Затем она медленно вздохнула и, глядя куда-то вдаль, промолвила:
– Бог с ним, с Афанасием Львовичем! Обидел он меня... очень обидел...
И по лицу ее поплыли тихие слезы.
– Стыд ему... стыд ему! – повторяла Феня, а Максимка пристально смотрел мимо нее, в угол, злыми глазами, и недоброе чувство к Курганову разрасталось в нем с каждой секундой.
– Теперь мне одна дорога – в монастырь... Вспоминай меня, Максимушка... Вспоминай... А я все претерплю... все... И ты терпи.
Максимка слушал и молчал, а между тем сердце его болело, сжималось и стонало. Он чувствовал, что внутри у него что-то растет все больше и шире, растет и распирает ему всю грудь и все горло, так что дышать становится трудно.
– Вот я ему... Ладно! – проговорил он, наконец. – Погоди ужо!
И Максимка, погрозив кулаком, тряхнул головой.
– Ладно!
– Что ты! Что ты, Максим! – испугалась Феня, схватывая обеими руками его кулак.
Максимка сверкнул глазами и вскочил со скамейки.
– Зарежу! Больше ничего!
Но, видя, что Феня укоризненно качает головой, он смутился.
– Как тебе не стыдно, Максим? – сказана она. – Рехнулся ты, что ли?.. Ах, Максим, Максим... Видно, мне и с тобой нельзя... и тебе нельзя душу открыть...
Она махнула рукой и ушла.
VIII
Ярмарка давно уже затихла, и усталый народ либо отдыхал, либо веселился, позабыв дневные заботы, и никто, конечно, не знал, что есть один человек, который сидит в это время на дворе на бревнышке и, не поднимая головы, думает горькую думу. Мороз пощипывает его за нос и за уши; на небе блестит месяц, окруженный громадным белесоватым кольцом; где-то жалобно воет Кунак, где-то за воротами весело громыхают бубенчики, но ничто не выводит Максимку из оцепенения; как он сел, так и сидит с опущенной головой, точно примерз. Медленно бродят у него тяжелые мысли, медленно сосет его сердце какая-то невидимая змея, и никак не может Максимка понять, что такое случилось.
А случилась такая напасть, что у Максимки заледенела вся кровь.
Сначала пришла к нему Феня и упрекнула, зачем он так напугал ее; потом она заставила его поклясться перед иконой, что не тронет Курганова; и Максимка поклялся.
– Не трону его, не зарежу, – обещал он Фене, крестясь на образ. – Вот те Микола-бог – не трону!
И, говоря это, Максимка думал: "Ну, теперь не трону. Уж верно: не трону..."

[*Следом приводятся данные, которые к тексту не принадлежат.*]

lemma nn_integral_marginal: "(\<integral>\<^sup>+y. marginal y \<partial>MY) = 1"
proof -
  note pol_meas [measurable] p_meas [measurable]
  have "(\<integral>\<^sup>+y. marginal y \<partial>MY) = (\<integral>\<^sup>+xa. \<integral>\<^sup>+y. ennreal (joint_density xa y) \<partial>MY \<partial>(MX \<Otimes>\<^sub>M MA))"
    unfolding marginal_def by (rule XA_Y.Fubini') measurable
  also have "\<dots> = (\<integral>\<^sup>+xa. ennreal (pol (fst xa) (snd xa)) * ennreal (p (fst xa)) \<partial>(MX \<Otimes>\<^sub>M MA))"
  proof (intro nn_integral_cong)
    fix xa assume xa: "xa \<in> space (MX \<Otimes>\<^sub>M MA)"
    then have x: "fst xa \<in> space MX" and a: "snd xa \<in> space MA"
      by (auto simp: space_pair_measure)
    have "(\<integral>\<^sup>+y. ennreal (joint_density xa y) \<partial>MY)
        = (\<integral>\<^sup>+y. ennreal (py (fst xa) (snd xa) y) * ennreal (pol (fst xa) (snd xa) * p (fst xa)) \<partial>MY)"
      using x a p_nonneg pol_nonneg
      by (intro nn_integral_cong) (simp add: joint_density_def ennreal_mult'' mult.assoc)
    also have "\<dots> = ennreal (pol (fst xa) (snd xa)) * ennreal (p (fst xa))"
      using x a measurable_py_outcome[OF x a] py_norm p_nonneg pol_nonneg
      by (simp add: nn_integral_multc ennreal_mult)
    finally show "(\<integral>\<^sup>+y. ennreal (joint_density xa y) \<partial>MY) = ennreal (pol (fst xa) (snd xa)) * ennreal (p (fst xa))" .
  qed
  also have "\<dots> = (\<integral>\<^sup>+x. \<integral>\<^sup>+a. ennreal (pol x a) * ennreal (p x) \<partial>MA \<partial>MX)"
    using XA.M2.nn_integral_fst[where f="\<lambda>xa. ennreal (pol (fst xa) (snd xa)) * ennreal (p (fst xa))"]
    by simp
  also have "\<dots> = (\<integral>\<^sup>+x. \<integral>\<^sup>+a. ennreal (pol x a) \<partial>MA * ennreal (p x) \<partial>MX)"
    by (intro nn_integral_cong nn_integral_multc) measurable
  also have "\<dots> = 1"
    using pol_norm p_norm by (simp cong: nn_integral_cong)
  finally show ?thesis .
qed

lemma sets_joint [measurable_cong]: "sets joint = sets (MX \<Otimes>\<^sub>M (MA \<Otimes>\<^sub>M MY))"
  by (simp add: joint_eq_density)

lemma space_joint: "space joint = space (MX \<Otimes>\<^sub>M (MA \<Otimes>\<^sub>M MY))"
  by (simp add: joint_eq_density)

lemma measurable_marginal [measurable]: "marginal \<in> borel_measurable MY"
  unfolding marginal_def by measurable

lemma nn_integral_joint_outcome:
  assumes [measurable]: "g \<in> borel_measurable MY"
  shows "(\<integral>\<^sup>+\<omega>. g (snd (snd \<omega>)) \<partial>joint) = (\<integral>\<^sup>+y. marginal y * g y \<partial>MY)"
proof -
  have "(\<integral>\<^sup>+\<omega>. g (snd (snd \<omega>)) \<partial>joint)
      = (\<integral>\<^sup>+y. \<integral>\<^sup>+xa. ennreal (joint_density xa y) * g y \<partial>(MX \<Otimes>\<^sub>M MA) \<partial>MY)"
    by (subst nn_integral_joint) simp_all
  also have "\<dots> = (\<integral>\<^sup>+y. marginal y * g y \<partial>MY)"
    unfolding marginal_def by (intro nn_integral_cong nn_integral_multc) measurable
  finally show ?thesis .
qed

lemma prob_space_joint: "prob_space joint"
proof (rule prob_spaceI)
  have "emeasure joint (space joint) = (\<integral>\<^sup>+\<omega>. 1 \<partial>joint)"
    by simp
  also have "\<dots> = 1"
    using nn_integral_joint_outcome[of "\<lambda>_. 1"] nn_integral_marginal by simp
  finally show "emeasure joint (space joint) = 1" .
qed

lemma AE_marginal_finite: "AE y in MY. marginal y \<noteq> \<infinity>"
  using nn_integral_PInf_AE[OF measurable_marginal] nn_integral_marginal by simp

lemma distr_joint_outcome: "distr joint MY (\<lambda>\<omega>. snd (snd \<omega>)) = density MY marginal"
proof (rule measure_eqI)
  fix B assume "B \<in> sets (distr joint MY (\<lambda>\<omega>. snd (snd \<omega>)))"
  then have B [measurable]: "B \<in> sets MY"
    by simp
  have "emeasure (distr joint MY (\<lambda>\<omega>. snd (snd \<omega>))) B
      = emeasure joint ((\<lambda>\<omega>. snd (snd \<omega>)) -` B \<inter> space joint)"
    by (rule emeasure_distr) measurable
  also have "\<dots> = (\<integral>\<^sup>+\<omega>. indicator ((\<lambda>\<omega>. snd (snd \<omega>)) -` B \<inter> space joint) \<omega> \<partial>joint)"
    by (rule nn_integral_indicator[symmetric]) measurable
  also have "\<dots> = (\<integral>\<^sup>+\<omega>. indicator B (snd (snd \<omega>)) \<partial>joint)"
    by (intro nn_integral_cong) (simp split: split_indicator)
  also have "\<dots> = emeasure (density MY marginal) B"
    using B by (simp add: nn_integral_joint_outcome emeasure_density)
  finally show "emeasure (distr joint MY (\<lambda>\<omega>. snd (snd \<omega>))) B = emeasure (density MY marginal) B" .
qed simp

end

locale off_policy =
  behaviour: policy_model MX MA MY p py pib + target: policy_model MX MA MY p py pis
  for MX :: "'x measure" and MA :: "'a measure" and MY :: "real measure"
    and p :: "'x \<Rightarrow> real" and py :: "'x \<Rightarrow> 'a \<Rightarrow> real \<Rightarrow> real"
    and pib pis :: "'x \<Rightarrow> 'a \<Rightarrow> real" +
  assumes abs_cont: "\<forall>x\<in>space MX. \<forall>a\<in>space MA. pis x a > 0 \<longrightarrow> pib x a > 0"
begin

definition ratio :: "'x \<Rightarrow> 'a \<Rightarrow> real" where
  "ratio x a = pis x a / pib x a"

definition weight :: "real \<Rightarrow> real" where
  "weight y = y_marg MX MA p py pis y / y_marg MX MA p py pib y"

lemma weight_eq: "weight y = enn2real (target.marginal y) / enn2real (behaviour.marginal y)"
  by (simp add: weight_def behaviour.y_marg_eq_marginal target.y_marg_eq_marginal)

lemma weight_nonneg: "0 \<le> weight y"
  by (simp add: weight_eq)

lemma measurable_weight [measurable]: "weight \<in> borel_measurable MY"
  unfolding weight_eq by measurable

lemma measurable_ratio [measurable]: "(\<lambda>(x, a). ratio x a) \<in> borel_measurable (MX \<Otimes>\<^sub>M MA)"
  using behaviour.pol_meas target.pol_meas unfolding ratio_def by measurable

lemma ratio_nonneg: "x \<in> space MX \<Longrightarrow> a \<in> space MA \<Longrightarrow> 0 \<le> ratio x a"
  using behaviour.pol_nonneg target.pol_nonneg by (simp add: ratio_def)

lemma joint_density_mult_ratio:
  assumes "xa \<in> space (MX \<Otimes>\<^sub>M MA)"
  shows "ennreal (behaviour.joint_density xa y) * ennreal (ratio (fst xa) (snd xa))
       = ennreal (target.joint_density xa y)"
proof -
  obtain x a where xa: "xa = (x, a)" "x \<in> space MX" "a \<in> space MA"
    using assms by (auto simp: space_pair_measure)
  have "pib x a * ratio x a = pis x a"
    using abs_cont behaviour.pol_nonneg target.pol_nonneg xa
    by (cases "pib x a = 0") (force simp: ratio_def)+
  then have "behaviour.joint_density xa y * ratio x a = target.joint_density xa y"
    unfolding behaviour.joint_density_def target.joint_density_def xa(1)
    by (metis fst_conv snd_conv mult.commute mult.left_commute)
  then show ?thesis
    using ennreal_mult''[OF ratio_nonneg[OF xa(2,3)], of "behaviour.joint_density xa y"] xa(1)
    by simp
qed

lemma target_marginal_eq:
  "target.marginal y
     = (\<integral>\<^sup>+xa. ennreal (behaviour.joint_density xa y) * ennreal (ratio (fst xa) (snd xa)) \<partial>(MX \<Otimes>\<^sub>M MA))"
  unfolding target.marginal_def by (intro nn_integral_cong) (simp add: joint_density_mult_ratio)

text \<open>Where the behaviour marginal vanishes, absolute continuity makes the target marginal vanish
  too, so the junk value \<open>weight y = 0\<close> of the division is harmless.\<close>

lemma weight_mult_marginal: "AE y in MY. ennreal (weight y) * behaviour.marginal y = target.marginal y"
  using behaviour.AE_marginal_finite target.AE_marginal_finite AE_space
proof eventually_elim
  case (elim y)
  show ?case
  proof (cases "behaviour.marginal y = 0")
    case True
    have "AE xa in MX \<Otimes>\<^sub>M MA. ennreal (behaviour.joint_density xa y) = 0"
      using True elim by (simp add: behaviour.marginal_def nn_integral_0_iff_AE)
    then have "target.marginal y = 0"
      using elim by (simp add: target_marginal_eq nn_integral_0_iff_AE eventually_mono)
    then show ?thesis
      using True by simp
  next
    case False
    then have "enn2real (behaviour.marginal y) \<noteq> 0"
      using elim by (simp add: enn2real_eq_0_iff)
    then have w: "weight y * enn2real (behaviour.marginal y) = enn2real (target.marginal y)"
      by (simp add: weight_eq)
    have "ennreal (weight y) * behaviour.marginal y
        = ennreal (weight y) * ennreal (enn2real (behaviour.marginal y))"
      using elim by (simp add: ennreal_enn2real_if)
    also have "\<dots> = ennreal (enn2real (target.marginal y))"
      unfolding w[symmetric] by (rule ennreal_mult[symmetric]) (simp_all add: weight_nonneg)
    also have "\<dots> = target.marginal y"
      using elim by (simp add: ennreal_enn2real_if)
    finally show ?thesis .
  qed
qed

После этого как раз и случилась беда. Приходил опять полицейский с рыжими усами, потребовал Феню и все время называл ее "сахаром".
– Ты куда же, сахар, бегала поутру?.. Откуда у тебя, сахар, колечко явилось? – спрашивал он, улыбаясь, а потом велел ей надеть шубу и увел неизвестно куда.
От одного его вида, от голоса, каким он говорил "сахар", у Максимки подгибались колени. Феня тоже тряслась и просила позвать самого Афанасия Львовича.
– Как же ему не грех меня обижать! – говорила она, а полицейский, улыбаясь, ей отвечал:
– До всего, сахар, дойдем! Дело ярмарочное: в двадцать четыре часа все отыщем!..
Если бы Феню уволок в лес медведь, или она упала бы в Волгу, или загорелся бы со всех сторон дом, Максимка мог бы тогда показать свою силу, но теперь, когда случилось самое страшное дело и Феню увел полицейский, Максимке нечего было делать; и вот он сел на бревно и сидит и видит только одно – что бессилен.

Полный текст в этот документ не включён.